Some Oregon students say Biden’s loan forgiveness doesn’t go far enough
President Joe Biden announced a one-time write-off of some federal student loan debt on Wednesday. The new policy wipes out up to $20,000 for people who went to college on Pell Grants and $10,000 for those who didn’t, only if they earn less than $125,000 a year.
Some Oregon students appreciate the move, but think the president could have gone further.
According to data for the 2019-2020 academic year from the Oregon Higher Education Coordinating Commission, or HECC, individuals who earned an associate’s or bachelor’s degree from Oregon’s public universities on average about $21,000 in federal debt. At community colleges, former students owe about $13,000 on their federal loans. Overall, 31% of Oregon undergraduates have federal loans, according to Oregon HECC.
“I am thrilled with the mobility and relief this decision will bring to student debt holders in Oregon and across the country,” said Luda Isakharov, student body president at the University of Oregon, in a statement. communicated to the OPB. “However, a one-time cancellation is the bare minimum to meet the skyrocketing costs of a college education.”
Isakharov is from Oregon, and she said she chose to go to OU because the tuition in the state made it more affordable.
“But a lot of my friends and peers come to Oregon for out-of-state programs, and the costs are extremely heavy, and as a result, they have to take out extremely large loans,” she said. “I just wish we could all choose our college, universities, and educational paths based on our passions and what’s best for us and not be constrained by onerous costs.”
Student leaders at Oregon State University, Oregon’s largest public university, had a similar mixed reaction to Biden’s announcement. Oregon State University Student Associates said in a statement from their executive branch that while the partial loan forgiveness will benefit many students, it is not a permanent solution.
“While we seek greater action from the federal government on the student debt crisis, we are pleased to hear that action is being taken,” the ASOSU executive branch wrote. “We hope this will represent a first step towards longer-term actions to tackle the dramatic rise in the costs of higher education.”
Oregon politicians reacted positively to Biden’s announcement on Wednesday.
Rep. Suzanne Bonamici, D-Ore., and U.S. Sens. Ron Wyden and Jeff Merkley, both Democrats, released statements Wednesday morning supporting the president’s action.
Bonamici called the announcement “the most ambitious in a long list of actions the Biden administration has taken to support student borrowers, reform the federal student loan system, and make our country’s colleges and universities more affordable.”
Wyden tweeted that the one-time loan forgiveness is great news for students who are forced to make decisions between paying off their loans and making ends meet. He said he would continue to push for student debt relief in the future.
Merkley said he applauded the action but saw it as a “down payment” on the overall solution. He says he will pursue bigger reforms, including affordable, income-tested repayment plans.
As enrollment has plummeted at most Oregon public higher education institutions during the pandemic, tuition has increased.

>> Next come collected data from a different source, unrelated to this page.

definition bruhat :: "'v::euclidean_space set \<Rightarrow> 'v set \<Rightarrow> ('v \<Rightarrow> 'v) \<Rightarrow> ('v \<Rightarrow> 'v) \<Rightarrow> bool" where
  "bruhat R D x w \<longleftrightarrow> x \<in> weyl R \<and>
     (\<lambda>u v. \<exists>a\<in>R. v = refl a \<circ> u \<and> ell D u < ell D v)\<^sup>*\<^sup>* x w"

definition bcover :: "'v::euclidean_space set \<Rightarrow> 'v set \<Rightarrow> ('v \<Rightarrow> 'v) \<Rightarrow> ('v \<Rightarrow> 'v) \<Rightarrow> bool" where
  "bcover R D u v \<longleftrightarrow> bruhat R D u v \<and> u \<noteq> v \<and>
     (\<forall>z. bruhat R D u z \<and> bruhat R D z v \<longrightarrow> z = u \<or> z = v)"

definition max_chain :: "'v::euclidean_space set \<Rightarrow> 'v set \<Rightarrow> ('v \<Rightarrow> 'v) list \<Rightarrow> ('v \<Rightarrow> 'v) \<Rightarrow> ('v \<Rightarrow> 'v) \<Rightarrow> bool" where
  "max_chain R D c w x \<longleftrightarrow> c \<noteq> [] \<and> c ! 0 = w \<and> last c = x \<and>
     (\<forall>k. Suc k < length c \<longrightarrow> bcover R D (c ! Suc k) (c ! k))"

text \<open>Deleting the letters at a set of positions (positions numbered from 1).\<close>
definition del_pos :: "nat set \<Rightarrow> 'a list \<Rightarrow> 'a list" where
  "del_pos P ws = map snd (filter (\<lambda>(i, s). i \<notin> P) (zip [1..<Suc (length ws)] ws))"

definition chain_label :: "('v \<Rightarrow> 'v) list \<Rightarrow> ('v \<Rightarrow> 'v) list \<Rightarrow> nat list \<Rightarrow> bool" where
  "chain_label ws c L \<longleftrightarrow> length L + 1 = length c \<and> distinct L \<and>
     set L \<subseteq> {1..length ws} \<and>
     (\<forall>k < length c. c ! k = prodW (del_pos (set (take k L)) ws))"

definition lam :: "'v::euclidean_space set \<Rightarrow> 'v set \<Rightarrow> ('v \<Rightarrow> 'v) \<Rightarrow> ('v \<Rightarrow> 'v) list \<Rightarrow> nat set" where
  "lam R D x ws = {i \<in> {1..length ws}. bruhat R D x (prodW (del_pos {i} ws))}"

end

theory Submission
  imports Defs
begin
(* Let $K>0$, $D>0$, $\sigma>0$, $r\in\mathbf{R}$ and $0<\tau<T$. For $S_->0$ define \[ V(S_-,\tau)=\begin{cases}(S_--D)\,N\!\left(\bar d+\sigma\sqrt{T-\tau}\right)-Ke^{-r(T-\tau)}N(\bar d), & S_->D,\\ 0, & S_-\le D,\end{cases} \qquad \bar d=\frac{\ln(S_--D)-\ln K+\left(r-\frac12\sigma^2\right)(T-\tau)}{\sigma\sqrt{T-\tau}}, \] where $N$ is the standard normal cumulative distribution function. Fix $S^*>D$ and an integer $M\ge1$; set $S_i=D+i\,\frac{S^*-D}{M}$ for $i=0,\dots,M$ and \[ \alpha_i=\frac{M}{S^*-D}\left[V(S_i,\tau)-V(S_{i-1},\tau)\right],\quad i=1,\dots,M . \] Define \[ V_1^+(S_-,\tau)=\sum_{i=1}^M\left[\alpha_i(S_--S_{i-1})+V(S_{i-1},\tau)\right]\chi_{[S_{i-1},S_i]}(S_-),\qquad V_2^+(S_-,\tau)=\left[(S_--S^* )+V(S^*,\tau)\right]\chi_{[S^*,\infty)}(S_-), \] where $\chi_I$ is the characteristic function of the set $I$. Then $V(S_-,\tau)\le V_1^+(S_-,\tau)+V_2^+(S_-,\tau)$ for all $S_->D$, and the function $V_1^++V_2^+$ is piecewise linear and non-negative. If $S_-\le D$, then $V(S_-,\tau)=0$.
   Context: $V(S_-,\tau)$ is the value, just before a dividend $D$ is paid at time $\tau$, of a European call option with strike $K$ and maturity $T$ in a Black-Scholes economy (risk-free rate $r$, volatility $\sigma$), as a function of the stock price $S_-$ just before the dividend payment. Note $V(S_0,\tau)=V(D,\tau)=0$. *)

theory Defs
  imports "HOL-Probability.Probability"
begin

definition Ncdf :: "real \<Rightarrow> real" where
  "Ncdf = cdf (density lborel std_normal_density)"

definition dbar :: "real \<Rightarrow> real \<Rightarrow> real \<Rightarrow> real \<Rightarrow> real \<Rightarrow> real \<Rightarrow> real \<Rightarrow> real" where
  "dbar K D r \<sigma> T \<tau> S =
     (ln (S - D) - ln K + (r - \<sigma>^2 / 2) * (T - \<tau>)) / (\<sigma> * sqrt (T - \<tau>))"

text \<open>Value of the call just before the dividend, as a function of S_-.\<close>
definition Vcall :: "real \<Rightarrow> real \<Rightarrow> real \<Rightarrow> real \<Rightarrow> real \<Rightarrow> real \<Rightarrow> real \<Rightarrow> real" where
  "Vcall K D r \<sigma> T \<tau> S =
     (if S > D then
        (S - D) * Ncdf (dbar K D r \<sigma> T \<tau> S + \<sigma> * sqrt (T - \<tau>))
        - K * exp (- r * (T - \<tau>)) * Ncdf (dbar K D r \<sigma> T \<tau> S)
      else 0)"

definition chi :: "real set \<Rightarrow> real \<Rightarrow> real" where
  "chi I x = (if x \<in> I then 1 else 0)"

definition piecewise_linear :: "(real \<Rightarrow> real) \<Rightarrow> bool" where
  "piecewise_linear f \<longleftrightarrow> (\<exists>P. finite P \<and>
     (\<forall>I. is_interval I \<and> I \<inter> P = {} \<longrightarrow> (\<exists>a b. \<forall>x\<in>I. f x = a * x + b)))"

end

theory Submission
  imports Defs
begin
lemma card_derived_lines_resolution:
  assumes tl: "treelike \<pi>" and valid: "\<forall>i<length \<pi>. valid_line F \<pi> i"
    and i: "i < length \<pi>" and p: "snd (\<pi> ! i) = Some (j, l)"
  shows "card (derived_lines \<pi> i) = card (derived_lines \<pi> j) + card (derived_lines \<pi> l) + 1"
proof -
  have jl: "j < i" "l < i"
    using valid i p by (auto simp: valid_line_def)
  then have "i \<notin> derived_lines \<pi> j \<union> derived_lines \<pi> l"
    using derived_lines_le by fastforce
  then show ?thesis
    using derived_lines_Some[OF p jl] treelike_derived_lines_disjoint[OF tl valid i p]
    by (simp add: finite_derived_lines card_Un_disjoint)
qed

lemma treelike_measure_bound_at_line:
  fixes \<mu> :: "('a \<rightharpoonup> bool) \<Rightarrow> nat"
  assumes tl: "treelike \<pi>" and valid: "\<forall>i<length \<pi>. valid_line F \<pi> i"
    and split: "\<And>\<rho> x. \<rho> x = None \<Longrightarrow> \<mu> \<rho> \<le> \<mu> (\<rho>(x \<mapsto> False)) + \<mu> (\<rho>(x \<mapsto> True))"
    and axiom: "\<And>\<rho> C. C \<in> F \<Longrightarrow> falsifies \<rho> C \<Longrightarrow> \<mu> \<rho> \<le> 1"
  shows "i < length \<pi> \<Longrightarrow> falsifies \<rho> (fst (\<pi> ! i)) \<Longrightarrow> \<mu> \<rho> \<le> card (derived_lines \<pi> i) + 1"
proof (induction i arbitrary: \<rho> rule: less_induct)
  case (less i)
  show ?case
  proof (cases "snd (\<pi> ! i)")
    case None
    then have "fst (\<pi> ! i) \<in> F"
      using valid less.prems(1) by (auto simp: valid_line_def)
    then show ?thesis
      using axiom less.prems(2) by fastforce
  next
    case (Some p)
    then obtain j l where p: "snd (\<pi> ! i) = Some (j, l)"
      by (cases p) auto
    have jl: "j < i" "l < i" and res: "resolvent (fst (\<pi> ! j)) (fst (\<pi> ! l)) (fst (\<pi> ! i))"
      using valid less.prems(1) p by (auto simp: valid_line_def)
    obtain x
      where left: "\<And>\<sigma>. falsifies \<sigma> (fst (\<pi> ! i)) \<Longrightarrow> \<sigma> x = Some False \<Longrightarrow> falsifies \<sigma> (fst (\<pi> ! j))"
        and right: "\<And>\<sigma>. falsifies \<sigma> (fst (\<pi> ! i)) \<Longrightarrow> \<sigma> x = Some True \<Longrightarrow> falsifies \<sigma> (fst (\<pi> ! l))"
      using resolvent_falsified[OF res] by blast
    have IH_left: "\<mu> \<sigma> \<le> card (derived_lines \<pi> j) + 1"
      if "falsifies \<sigma> (fst (\<pi> ! i))" "\<sigma> x = Some False" for \<sigma>
      using less.IH[OF jl(1)] less.prems(1) jl left[OF that] by simp
    have IH_right: "\<mu> \<sigma> \<le> card (derived_lines \<pi> l) + 1"
      if "falsifies \<sigma> (fst (\<pi> ! i))" "\<sigma> x = Some True" for \<sigma>
      using less.IH[OF jl(2)] less.prems(1) jl right[OF that] by simp
    have card: "card (derived_lines \<pi> i) = card (derived_lines \<pi> j) + card (derived_lines \<pi> l) + 1"
      by (rule card_derived_lines_resolution[OF tl valid less.prems(1) p])
    show ?thesis
    proof (cases "\<rho> x")
      case None
      have "\<mu> \<rho> \<le> \<mu> (\<rho>(x \<mapsto> False)) + \<mu> (\<rho>(x \<mapsto> True))"
        using split[of \<rho> x] None .
      also have "\<dots> \<le> (card (derived_lines \<pi> j) + 1) + (card (derived_lines \<pi> l) + 1)"
        using IH_left[of "\<rho>(x \<mapsto> False)"] IH_right[of "\<rho>(x \<mapsto> True)"]
          falsifies_upd[OF less.prems(2) None] by (simp add: add_mono)
      finally show ?thesis
        using card by simp
    next
      case (Some b)
      then show ?thesis
        using IH_left IH_right less.prems(2) card by (cases b) fastforce+
    qed
  qed
qed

The rising cost of higher education has made it even more difficult for students to graduate without taking on substantial debt.
The Oregon Student Association, a nonprofit student advocacy group, said while Biden’s partial debt forgiveness is a step toward solving the “broken higher education system,” there is still a lot to do.
“Public higher education continues to be significantly underfunded, forcing students to shoulder the burden of high tuition fees,” the OSA executive committee told the OPB in a statement. “We urge President Biden to expand financial aid, fully fund higher education, and cancel all student debt.”
OU Student Body President Isakharov said she hopes Biden’s announcement will start a broader conversation about college access and affordability.
“The loan forgiveness is an incredible step, but I want to know what’s next — both from the federal government, but also from the state of Oregon,” Isakharov said. “The systemic issues that force people to take out loans in the first place continue to drive up tuition costs.”
Along with the partial, one-time loan forgiveness, Biden announced a cap on monthly payments for federal undergraduate loans — lowering it from 10% to 5% of a borrower’s discretionary income.
He said the US Department of Education is also proposing a rule to revise income-based repayment plans in multiple ways. This includes forgiveness of loan balances after 10 years of payments instead of 20 years for borrowers with an original loan balance of $12,000 or less.
Biden has announced he will extend the student loan hiatus one last time. It was previously extended until August 30, but Biden said it will now last until the end of this year.